• [EXERCISE BRIEF]:
Your job is to set down the stretch of entries that opens with the line containing "by (auto simp: cfg_def merge_def)" and closes with the line containing "using c by (auto simp: fun_eq_iff". Keep both end lines, copy each exactly, and add nothing.

─── PROVIDED DATA ───

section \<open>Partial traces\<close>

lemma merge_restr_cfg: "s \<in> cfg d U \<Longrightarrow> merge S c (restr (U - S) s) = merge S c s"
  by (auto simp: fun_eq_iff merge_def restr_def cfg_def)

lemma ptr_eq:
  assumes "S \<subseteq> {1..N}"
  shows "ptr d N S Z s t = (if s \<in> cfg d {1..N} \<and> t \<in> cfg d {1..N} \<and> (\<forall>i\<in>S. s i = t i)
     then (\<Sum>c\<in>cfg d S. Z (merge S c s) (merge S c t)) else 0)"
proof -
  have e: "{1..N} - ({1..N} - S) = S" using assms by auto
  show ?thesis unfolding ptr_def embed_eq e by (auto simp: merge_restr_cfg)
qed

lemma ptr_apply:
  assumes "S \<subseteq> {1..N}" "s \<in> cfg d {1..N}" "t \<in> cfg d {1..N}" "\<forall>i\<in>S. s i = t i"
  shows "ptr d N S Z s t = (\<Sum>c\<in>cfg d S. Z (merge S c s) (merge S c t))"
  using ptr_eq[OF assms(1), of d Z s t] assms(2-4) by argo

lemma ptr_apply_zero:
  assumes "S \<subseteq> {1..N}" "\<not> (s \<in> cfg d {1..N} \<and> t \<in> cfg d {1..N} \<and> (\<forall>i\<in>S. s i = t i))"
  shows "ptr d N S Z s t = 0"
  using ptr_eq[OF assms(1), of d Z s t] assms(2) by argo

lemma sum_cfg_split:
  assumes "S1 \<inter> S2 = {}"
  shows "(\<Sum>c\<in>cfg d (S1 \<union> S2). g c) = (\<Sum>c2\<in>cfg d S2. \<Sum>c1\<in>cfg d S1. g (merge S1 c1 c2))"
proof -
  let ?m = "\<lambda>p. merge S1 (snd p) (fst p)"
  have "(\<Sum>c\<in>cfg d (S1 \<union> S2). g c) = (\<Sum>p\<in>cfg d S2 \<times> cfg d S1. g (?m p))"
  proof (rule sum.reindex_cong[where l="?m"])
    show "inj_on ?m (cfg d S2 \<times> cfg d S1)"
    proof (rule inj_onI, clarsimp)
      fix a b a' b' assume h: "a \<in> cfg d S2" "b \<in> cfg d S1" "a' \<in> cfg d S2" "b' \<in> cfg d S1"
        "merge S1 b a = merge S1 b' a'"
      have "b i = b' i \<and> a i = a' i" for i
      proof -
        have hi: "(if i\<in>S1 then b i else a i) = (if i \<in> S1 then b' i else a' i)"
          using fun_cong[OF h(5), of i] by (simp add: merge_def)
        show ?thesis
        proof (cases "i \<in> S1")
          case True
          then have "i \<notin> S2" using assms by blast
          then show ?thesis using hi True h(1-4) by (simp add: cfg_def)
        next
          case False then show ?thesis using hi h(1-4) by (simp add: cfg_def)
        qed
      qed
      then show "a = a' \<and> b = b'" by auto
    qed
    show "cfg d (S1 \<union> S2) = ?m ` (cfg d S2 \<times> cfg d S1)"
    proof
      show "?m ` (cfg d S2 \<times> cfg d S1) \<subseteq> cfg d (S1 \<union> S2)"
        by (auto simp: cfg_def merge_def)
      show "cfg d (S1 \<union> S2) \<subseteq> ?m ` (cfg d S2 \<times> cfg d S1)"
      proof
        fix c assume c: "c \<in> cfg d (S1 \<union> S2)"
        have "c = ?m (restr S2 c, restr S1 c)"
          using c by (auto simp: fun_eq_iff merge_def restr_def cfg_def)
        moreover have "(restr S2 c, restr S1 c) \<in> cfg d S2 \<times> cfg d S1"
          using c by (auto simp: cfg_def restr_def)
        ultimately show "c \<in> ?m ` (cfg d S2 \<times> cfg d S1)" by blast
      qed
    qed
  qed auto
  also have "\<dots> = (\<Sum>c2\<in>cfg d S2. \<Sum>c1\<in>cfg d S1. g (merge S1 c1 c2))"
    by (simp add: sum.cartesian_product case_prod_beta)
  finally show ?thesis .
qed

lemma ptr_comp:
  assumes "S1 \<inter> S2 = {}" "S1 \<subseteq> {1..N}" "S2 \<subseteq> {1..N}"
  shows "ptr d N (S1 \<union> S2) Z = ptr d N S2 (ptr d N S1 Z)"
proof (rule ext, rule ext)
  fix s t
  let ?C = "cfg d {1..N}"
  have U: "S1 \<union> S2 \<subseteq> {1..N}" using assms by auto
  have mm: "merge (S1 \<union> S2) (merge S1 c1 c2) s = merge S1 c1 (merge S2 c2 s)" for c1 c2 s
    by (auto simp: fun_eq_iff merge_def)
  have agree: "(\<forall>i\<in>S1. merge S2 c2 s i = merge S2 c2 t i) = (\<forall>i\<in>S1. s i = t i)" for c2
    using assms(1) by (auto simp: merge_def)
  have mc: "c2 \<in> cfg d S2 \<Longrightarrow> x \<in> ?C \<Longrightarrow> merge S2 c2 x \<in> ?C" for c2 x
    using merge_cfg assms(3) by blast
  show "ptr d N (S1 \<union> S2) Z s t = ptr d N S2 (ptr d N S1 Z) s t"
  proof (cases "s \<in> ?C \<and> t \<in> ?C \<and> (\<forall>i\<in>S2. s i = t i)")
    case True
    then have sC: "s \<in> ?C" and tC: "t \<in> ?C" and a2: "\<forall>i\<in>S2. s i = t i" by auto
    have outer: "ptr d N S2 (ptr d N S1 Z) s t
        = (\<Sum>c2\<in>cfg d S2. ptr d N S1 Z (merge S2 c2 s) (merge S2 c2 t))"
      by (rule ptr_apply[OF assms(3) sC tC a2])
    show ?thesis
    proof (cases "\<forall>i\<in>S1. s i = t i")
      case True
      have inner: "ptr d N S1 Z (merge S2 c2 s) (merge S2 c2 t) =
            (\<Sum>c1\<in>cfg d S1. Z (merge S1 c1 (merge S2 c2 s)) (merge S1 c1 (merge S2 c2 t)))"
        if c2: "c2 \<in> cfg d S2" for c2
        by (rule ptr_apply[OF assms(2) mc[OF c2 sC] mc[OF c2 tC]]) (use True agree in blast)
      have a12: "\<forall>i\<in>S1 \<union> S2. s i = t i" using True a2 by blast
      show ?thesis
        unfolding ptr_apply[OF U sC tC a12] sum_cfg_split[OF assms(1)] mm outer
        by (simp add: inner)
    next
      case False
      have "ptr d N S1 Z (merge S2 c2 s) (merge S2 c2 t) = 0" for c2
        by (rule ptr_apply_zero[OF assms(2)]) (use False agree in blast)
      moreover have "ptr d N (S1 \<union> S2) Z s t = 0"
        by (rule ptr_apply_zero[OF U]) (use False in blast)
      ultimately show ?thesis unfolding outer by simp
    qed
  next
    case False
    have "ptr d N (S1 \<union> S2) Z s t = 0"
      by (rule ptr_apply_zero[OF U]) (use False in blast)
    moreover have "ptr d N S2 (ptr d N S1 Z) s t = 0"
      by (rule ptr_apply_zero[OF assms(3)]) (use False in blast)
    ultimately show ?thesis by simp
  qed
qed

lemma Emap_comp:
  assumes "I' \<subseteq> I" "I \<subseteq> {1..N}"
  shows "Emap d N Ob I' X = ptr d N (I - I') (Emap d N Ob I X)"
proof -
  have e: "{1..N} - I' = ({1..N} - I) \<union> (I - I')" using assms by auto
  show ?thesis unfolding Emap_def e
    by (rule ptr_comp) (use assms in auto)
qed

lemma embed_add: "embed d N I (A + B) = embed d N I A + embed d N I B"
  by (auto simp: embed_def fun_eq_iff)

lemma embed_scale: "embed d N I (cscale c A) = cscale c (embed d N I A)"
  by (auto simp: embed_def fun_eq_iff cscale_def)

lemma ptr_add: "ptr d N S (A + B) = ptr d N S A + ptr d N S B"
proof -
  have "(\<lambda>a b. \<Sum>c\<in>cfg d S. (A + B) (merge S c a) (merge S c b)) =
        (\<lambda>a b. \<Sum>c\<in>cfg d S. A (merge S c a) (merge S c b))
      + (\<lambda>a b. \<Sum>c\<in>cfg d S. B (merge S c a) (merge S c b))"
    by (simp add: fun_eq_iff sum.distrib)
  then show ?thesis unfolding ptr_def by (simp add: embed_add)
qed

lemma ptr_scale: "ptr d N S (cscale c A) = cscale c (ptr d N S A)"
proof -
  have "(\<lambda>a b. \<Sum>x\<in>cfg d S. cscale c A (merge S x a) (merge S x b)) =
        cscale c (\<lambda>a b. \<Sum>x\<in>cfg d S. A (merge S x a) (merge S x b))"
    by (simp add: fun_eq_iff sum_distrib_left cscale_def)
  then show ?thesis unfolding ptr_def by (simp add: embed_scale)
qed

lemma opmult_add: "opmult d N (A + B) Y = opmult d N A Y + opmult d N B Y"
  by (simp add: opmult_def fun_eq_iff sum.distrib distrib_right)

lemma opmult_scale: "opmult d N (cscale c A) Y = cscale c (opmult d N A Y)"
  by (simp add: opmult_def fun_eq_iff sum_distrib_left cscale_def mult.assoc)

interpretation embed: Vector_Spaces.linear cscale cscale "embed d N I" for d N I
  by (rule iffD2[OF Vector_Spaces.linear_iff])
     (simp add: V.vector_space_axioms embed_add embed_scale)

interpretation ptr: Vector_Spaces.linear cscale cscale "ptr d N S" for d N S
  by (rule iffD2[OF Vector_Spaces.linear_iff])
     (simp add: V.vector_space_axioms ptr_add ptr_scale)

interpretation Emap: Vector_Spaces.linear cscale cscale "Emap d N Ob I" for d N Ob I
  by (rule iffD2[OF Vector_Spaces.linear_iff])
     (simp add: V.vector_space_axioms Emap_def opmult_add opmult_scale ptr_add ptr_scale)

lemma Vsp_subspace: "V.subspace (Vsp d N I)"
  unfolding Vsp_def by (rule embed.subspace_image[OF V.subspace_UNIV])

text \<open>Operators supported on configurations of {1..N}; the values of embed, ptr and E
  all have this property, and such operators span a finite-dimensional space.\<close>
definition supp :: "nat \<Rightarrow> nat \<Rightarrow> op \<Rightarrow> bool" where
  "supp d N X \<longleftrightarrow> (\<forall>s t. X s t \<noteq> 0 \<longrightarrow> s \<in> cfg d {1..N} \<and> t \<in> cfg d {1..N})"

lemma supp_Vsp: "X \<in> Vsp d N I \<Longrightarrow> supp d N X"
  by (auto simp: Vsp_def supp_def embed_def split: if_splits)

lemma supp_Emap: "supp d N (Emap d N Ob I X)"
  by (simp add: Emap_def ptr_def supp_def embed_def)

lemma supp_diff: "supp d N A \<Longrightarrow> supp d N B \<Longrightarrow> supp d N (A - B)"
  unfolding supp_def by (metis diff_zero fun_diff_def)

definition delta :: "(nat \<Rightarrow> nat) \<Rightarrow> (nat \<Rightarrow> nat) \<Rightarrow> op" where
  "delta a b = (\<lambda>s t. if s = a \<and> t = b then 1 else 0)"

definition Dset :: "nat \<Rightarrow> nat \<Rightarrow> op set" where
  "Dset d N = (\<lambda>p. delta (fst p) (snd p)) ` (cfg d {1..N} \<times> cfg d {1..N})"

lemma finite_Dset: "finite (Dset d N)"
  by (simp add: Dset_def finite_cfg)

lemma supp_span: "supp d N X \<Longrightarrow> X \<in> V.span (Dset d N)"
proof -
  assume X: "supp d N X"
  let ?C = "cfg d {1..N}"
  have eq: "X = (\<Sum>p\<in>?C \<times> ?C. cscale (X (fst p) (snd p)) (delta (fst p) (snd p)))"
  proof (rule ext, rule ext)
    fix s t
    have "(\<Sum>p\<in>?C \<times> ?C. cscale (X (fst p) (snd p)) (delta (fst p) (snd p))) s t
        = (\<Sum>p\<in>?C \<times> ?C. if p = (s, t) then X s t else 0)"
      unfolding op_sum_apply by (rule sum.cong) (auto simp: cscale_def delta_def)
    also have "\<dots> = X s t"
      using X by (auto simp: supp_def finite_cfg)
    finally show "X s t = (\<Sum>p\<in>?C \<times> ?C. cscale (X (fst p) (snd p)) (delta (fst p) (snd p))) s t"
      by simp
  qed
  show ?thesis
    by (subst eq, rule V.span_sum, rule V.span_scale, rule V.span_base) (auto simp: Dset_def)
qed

───

• [OUTPUT FOR THIS EXERCISE]:
        by (auto simp: cfg_def merge_def)
      show "cfg d (S1 \<union> S2) \<subseteq> ?m ` (cfg d S2 \<times> cfg d S1)"
      proof
        fix c assume c: "c \<in> cfg d (S1 \<union> S2)"
        have "c = ?m (restr S2 c, restr S1 c)"
          using c by (auto simp: fun_eq_iff merge_def restr_def cfg_def)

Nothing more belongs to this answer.